(Data shown begins)

lemma subgroup_Gamma0: "subgroup (Gamma0 N) SL2R"
proof (rule group.subgroupI[OF group_SL2R])
  show "Gamma0 N \<subseteq> carrier SL2R"
    by (auto simp: Gamma0_def SL2Z_def)
  have "mat 1 \<in> Gamma0 N"
    using Gamma0I[of 1 1 0 N 0] by (simp add: mat_1_eq_mat2)
  then show "Gamma0 N \<noteq> {}"
    by blast
next
  fix A assume "A \<in> Gamma0 N"
  then obtain a b c d where A: "A = mat2 (of_int a) (of_int b) (of_int (int N * c)) (of_int d)"
    and det: "a*d - b*(int N * c) = 1"
    unfolding Gamma0_iff by blast
  have "inv\<^bsub>SL2R\<^esub> A = mat2 (of_int d) (of_int (- b)) (of_int (int N * - c)) (of_int a)"
    unfolding A using det by (subst inv_SL2R_mat2) (simp_all flip: of_int_mult of_int_diff)
  moreover have "d*a - (- b)*(int N * - c) = 1"
    using det by (simp add: algebra_simps)
  ultimately show "inv\<^bsub>SL2R\<^esub> A \<in> Gamma0 N"
    using Gamma0I by presburger
next
  fix A B assume "A \<in> Gamma0 N" "B \<in> Gamma0 N"
  then obtain a b c d a' b' c' d' where
      A: "A = mat2 (of_int a) (of_int b) (of_int (int N * c)) (of_int d)" "a*d - b*(int N * c) = 1"
    and B: "B = mat2 (of_int a') (of_int b') (of_int (int N * c')) (of_int d')" "a'*d' - b'*(int N * c') = 1"
    unfolding Gamma0_iff by blast
  have AB: "A \<otimes>\<^bsub>SL2R\<^esub> B = mat2 (of_int (a*a' + b*(int N * c'))) (of_int (a*b' + b*d'))
      (of_int (int N * (c*a' + d*c'))) (of_int (int N * c * b' + d*d'))"
    unfolding A B by (simp add: mat2_mult algebra_simps)
  have "(a*a' + b*(int N * c')) * (int N * c * b' + d*d') - (a*b' + b*d') * (int N * (c*a' + d*c'))
      = (a*d - b*(int N * c)) * (a'*d' - b'*(int N * c'))"
    by (simp add: algebra_simps)
  then show "A \<otimes>\<^bsub>SL2R\<^esub> B \<in> Gamma0 N"
    unfolding AB using A(2) B(2) by (simp only: Gamma0I mult_1)
qed

lemma Gamma0_mono:
  assumes "N dvd K" shows "Gamma0 K \<subseteq> Gamma0 N"
proof
  fix A assume "A \<in> Gamma0 K"
  then obtain k where "A \<in> SL2Z" "A $ 2 $ 1 = of_int (int K * k)"
    unfolding Gamma0_def by blast
  moreover obtain r where "K = N * r"
    using assms by blast
  ultimately show "A \<in> Gamma0 N"
    unfolding Gamma0_def by (auto intro!: exI[of _ "int r * k"] simp: algebra_simps)
qed

definition Gamma0_upper :: "nat \<Rightarrow> (real^2^2) set" where
  "Gamma0_upper N = {A \<in> SL2Z. \<exists>k::int. A $ 1 $ 2 = of_int (int N * k)}"

section \<open>Conjugation by B_m\<close>

definition Bmat_conj :: "nat \<Rightarrow> real^2^2 \<Rightarrow> real^2^2" where
  "Bmat_conj m X = Bmat m ** X ** matrix_inv (Bmat m)"

lemma Bmat_conj_mat2:
  assumes "m > 0" shows "Bmat_conj m (mat2 a b c d) = mat2 a (real m * b) (c / real m) d"
  using assms unfolding Bmat_conj_def matrix_inv_Bmat[OF assms] unfolding Bmat_eq_mat2 mat2_mult by simp

lemma group_hom_Bmat_conj:
  assumes "m > 0" shows "group_hom SL2R SL2R (Bmat_conj m)"
proof -
  have "Bmat_conj m \<in> hom SL2R SL2R"
  proof (rule homI)
    fix X assume "X \<in> carrier SL2R"
    moreover obtain a b c d where "X = mat2 a b c d"
      by (rule mat2_cases)
    ultimately show "Bmat_conj m X \<in> carrier SL2R"
      using assms by (simp add: Bmat_conj_mat2 det_mat2)
  next
    fix X Y
    obtain a b c d a' b' c' d' where "X = mat2 a b c d" "Y = mat2 a' b' c' d'"
      by (metis mat2_cases)
    then show "Bmat_conj m (X \<otimes>\<^bsub>SL2R\<^esub> Y) = Bmat_conj m X \<otimes>\<^bsub>SL2R\<^esub> Bmat_conj m Y"
      using assms by (simp add: Bmat_conj_mat2 mat2_mult mat2_eq_iff field_simps)
  qed
  then show ?thesis
    by (simp add: group_hom_def group_hom_axioms_def group_SL2R)
qed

(Data shown ends)

### Prompt
Repeat the data in full, keeping each word exactly as it is.

### Answer for this exercise
lemma subgroup_Gamma0: "subgroup (Gamma0 N) SL2R"
proof (rule group.subgroupI[OF group_SL2R])
  show "Gamma0 N \<subseteq> carrier SL2R"
    by (auto simp: Gamma0_def SL2Z_def)
  have "mat 1 \<in> Gamma0 N"
    using Gamma0I[of 1 1 0 N 0] by (simp add: mat_1_eq_mat2)
  then show "Gamma0 N \<noteq> {}"
    by blast
next
  fix A assume "A \<in> Gamma0 N"
  then obtain a b c d where A: "A = mat2 (of_int a) (of_int b) (of_int (int N * c)) (of_int d)"
    and det: "a*d - b*(int N * c) = 1"
    unfolding Gamma0_iff by blast
  have "inv\<^bsub>SL2R\<^esub> A = mat2 (of_int d) (of_int (- b)) (of_int (int N * - c)) (of_int a)"
    unfolding A using det by (subst inv_SL2R_mat2) (simp_all flip: of_int_mult of_int_diff)
  moreover have "d*a - (- b)*(int N * - c) = 1"
    using det by (simp add: algebra_simps)
  ultimately show "inv\<^bsub>SL2R\<^esub> A \<in> Gamma0 N"
    using Gamma0I by presburger
next
  fix A B assume "A \<in> Gamma0 N" "B \<in> Gamma0 N"
  then obtain a b c d a' b' c' d' where
      A: "A = mat2 (of_int a) (of_int b) (of_int (int N * c)) (of_int d)" "a*d - b*(int N * c) = 1"
    and B: "B = mat2 (of_int a') (of_int b') (of_int (int N * c')) (of_int d')" "a'*d' - b'*(int N * c') = 1"
    unfolding Gamma0_iff by blast
  have AB: "A \<otimes>\<^bsub>SL2R\<^esub> B = mat2 (of_int (a*a' + b*(int N * c'))) (of_int (a*b' + b*d'))
      (of_int (int N * (c*a' + d*c'))) (of_int (int N * c * b' + d*d'))"
    unfolding A B by (simp add: mat2_mult algebra_simps)
  have "(a*a' + b*(int N * c')) * (int N * c * b' + d*d') - (a*b' + b*d') * (int N * (c*a' + d*c'))
      = (a*d - b*(int N * c)) * (a'*d' - b'*(int N * c'))"
    by (simp add: algebra_simps)
  then show "A \<otimes>\<^bsub>SL2R\<^esub> B \<in> Gamma0 N"
    unfolding AB using A(2) B(2) by (simp only: Gamma0I mult_1)
qed

lemma Gamma0_mono:
  assumes "N dvd K" shows "Gamma0 K \<subseteq> Gamma0 N"
proof
  fix A assume "A \<in> Gamma0 K"
  then obtain k where "A \<in> SL2Z" "A $ 2 $ 1 = of_int (int K * k)"
    unfolding Gamma0_def by blast
  moreover obtain r where "K = N * r"
    using assms by blast
  ultimately show "A \<in> Gamma0 N"
    unfolding Gamma0_def by (auto intro!: exI[of _ "int r * k"] simp: algebra_simps)
qed

definition Gamma0_upper :: "nat \<Rightarrow> (real^2^2) set" where
  "Gamma0_upper N = {A \<in> SL2Z. \<exists>k::int. A $ 1 $ 2 = of_int (int N * k)}"

section \<open>Conjugation by B_m\<close>

definition Bmat_conj :: "nat \<Rightarrow> real^2^2 \<Rightarrow> real^2^2" where
  "Bmat_conj m X = Bmat m ** X ** matrix_inv (Bmat m)"

lemma Bmat_conj_mat2:
  assumes "m > 0" shows "Bmat_conj m (mat2 a b c d) = mat2 a (real m * b) (c / real m) d"
  using assms unfolding Bmat_conj_def matrix_inv_Bmat[OF assms] unfolding Bmat_eq_mat2 mat2_mult by simp

lemma group_hom_Bmat_conj:
  assumes "m > 0" shows "group_hom SL2R SL2R (Bmat_conj m)"
proof -
  have "Bmat_conj m \<in> hom SL2R SL2R"
  proof (rule homI)
    fix X assume "X \<in> carrier SL2R"
    moreover obtain a b c d where "X = mat2 a b c d"
      by (rule mat2_cases)
    ultimately show "Bmat_conj m X \<in> carrier SL2R"
      using assms by (simp add: Bmat_conj_mat2 det_mat2)
  next
    fix X Y
    obtain a b c d a' b' c' d' where "X = mat2 a b c d" "Y = mat2 a' b' c' d'"
      by (metis mat2_cases)
    then show "Bmat_conj m (X \<otimes>\<^bsub>SL2R\<^esub> Y) = Bmat_conj m X \<otimes>\<^bsub>SL2R\<^esub> Bmat_conj m Y"
      using assms by (simp add: Bmat_conj_mat2 mat2_mult mat2_eq_iff field_simps)
  qed
  then show ?thesis
    by (simp add: group_hom_def group_hom_axioms_def group_SL2R)
qed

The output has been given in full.